Responding to complaints by high school and college students that free condoms being distributed by Washington DC health officials are of poor quality and too small, the city now intends to offer Trojan condoms, including extra-large versions, in addition to the less expensive Durex condoms it had distributed exclusively until now.
City officials decided it was worth the extra few thousand dollars per year to encourage sexually active teens to practice safe sex.
“We want to support the regularization of condom use citywide,” Shannon Hader, director of the city’s HIV/AIDS administration told the Washington Post. “We are promoting this idea that using condoms is healthy . . . to destigmatize condom use, for kids (and) grown-ups.”

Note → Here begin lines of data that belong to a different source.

(* Let $H$ be a connected graph. Then $S_2(S_2(H))$ is a minimal DPDP-graph if and only if $H$ has either exactly one edge or exactly one loop (i.e., $H$ has exactly one edge, counting loops).
   Context: Graphs are finite and may have multiple edges and loops. A leaf is a vertex of degree one. A set $D\subseteq V(G)$ is dominating if every vertex outside $D$ has a neighbor in $D$; $P$ is paired-dominating if it is dominating and the subgraph induced by $P$ has a perfect matching. A DPDP-graph is a graph $G$ admitting disjoint sets $D,P$ with $V(G)=D\cup P$, $D$ dominating and $P$ paired-dominating; a minimal DPDP-graph is a DPDP-graph no proper spanning subgraph of which is a DPDP-graph. 2-subdivision graph: for a graph $H$ with no isolated vertex, set of leaves $L_H$, and $\alpha:L_H\to\mathbb{N}=\{1,2,\dots\}$, $S_2(H)$ has vertex set $(V_H\setminus L_H)\cup\{(v,i): v\in L_H, 1\le i\le \alpha(v)\}$ together with two new vertices for each edge $e$ of $H$ ($u_e,v_e$ if $e$ joins $u\ne v$; $v_e^1,v_e^2$ if $e$ is a loop at $v$). Its edges are: the edge joining the two new vertices of each $e$; for $v\in V_H\setminus L_H$, $vv_e$ for each non-loop edge $e$ at $v$ and $vv_e^1,vv_e^2$ for each loop $e$ at $v$; for $v\in L_H$ with incident edge $e$, the edges $v_e(v,i)$, $1\le i\le\alpha(v)$. For a graph consisting of a single vertex (no edges), $S_2$ is taken to be the graph itself. *)

theory Defs
  imports Main
begin

text \<open>Finite multigraphs with loops: each edge has a set of one (loop) or two end vertices.\<close>

record ('v,'e) mgraph =
  verts :: "'v set"
  edges :: "'e set"
  ends  :: "'e \<Rightarrow> 'v set"

definition wf_mgraph :: "('v,'e) mgraph \<Rightarrow> bool" where
  "wf_mgraph G \<longleftrightarrow> finite (verts G) \<and> finite (edges G) \<and>
     (\<forall>e\<in>edges G. ends G e \<subseteq> verts G \<and> ends G e \<noteq> {} \<and> card (ends G e) \<le> 2)"

definition is_loop :: "('v,'e) mgraph \<Rightarrow> 'e \<Rightarrow> bool" where
  "is_loop G e \<longleftrightarrow> card (ends G e) = 1"

definition degree :: "('v,'e) mgraph \<Rightarrow> 'v \<Rightarrow> nat" where
  "degree G v = card {e\<in>edges G. v \<in> ends G e \<and> \<not> is_loop G e}
              + 2 * card {e\<in>edges G. ends G e = {v}}"

definition leaves :: "('v,'e) mgraph \<Rightarrow> 'v set" where
  "leaves G = {v\<in>verts G. degree G v = 1}"

definition adj :: "('v,'e) mgraph \<Rightarrow> 'v \<Rightarrow> 'v \<Rightarrow> bool" where
  "adj G u v \<longleftrightarrow> (\<exists>e\<in>edges G. ends G e = {u, v})"

definition connected :: "('v,'e) mgraph \<Rightarrow> bool" where
  "connected G \<longleftrightarrow> verts G \<noteq> {} \<and>
     (\<forall>u\<in>verts G. \<forall>v\<in>verts G. (adj G)\<^sup>*\<^sup>* u v)"

definition dominating :: "('v,'e) mgraph \<Rightarrow> 'v set \<Rightarrow> bool" where
  "dominating G D \<longleftrightarrow> D \<subseteq> verts G \<and> (\<forall>v\<in>verts G - D. \<exists>u\<in>D. adj G u v)"

definition has_perfect_matching_on :: "('v,'e) mgraph \<Rightarrow> 'v set \<Rightarrow> bool" where
  "has_perfect_matching_on G P \<longleftrightarrow>
     (\<exists>M\<subseteq>edges G. (\<forall>e\<in>M. card (ends G e) = 2 \<and> ends G e \<subseteq> P) \<and>
                    (\<forall>v\<in>P. \<exists>!e. e \<in> M \<and> v \<in> ends G e))"

definition paired_dominating :: "('v,'e) mgraph \<Rightarrow> 'v set \<Rightarrow> bool" where
  "paired_dominating G P \<longleftrightarrow> dominating G P \<and> has_perfect_matching_on G P"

The District’s health department distributed 3.2 million condoms last year, including about 15,000 in schools, to its 600,000 residents. The program costs the city $165,000 per year. The city pays 5.7 cents per Durex condom, and will pay from 6 to 9 cents for the Trojans, depending on size.
Interested parties can get the condoms online or at more than 100 locations, including liquor stores, barbershops and youth centers.
In a survey of high school students in the District last spring, most participants “felt Trojan brand condoms were of better quality and protection.” They regarded the extra large “Magnum” condom marketed by Trojan as the best because it was “thicker.”
Durexes were perceived by the students to most likely to “pop or break.”
Despite these perceptions, health officials agree that the condoms are equally effective in terms of preventing pregnancy and sexually transmitted diseases.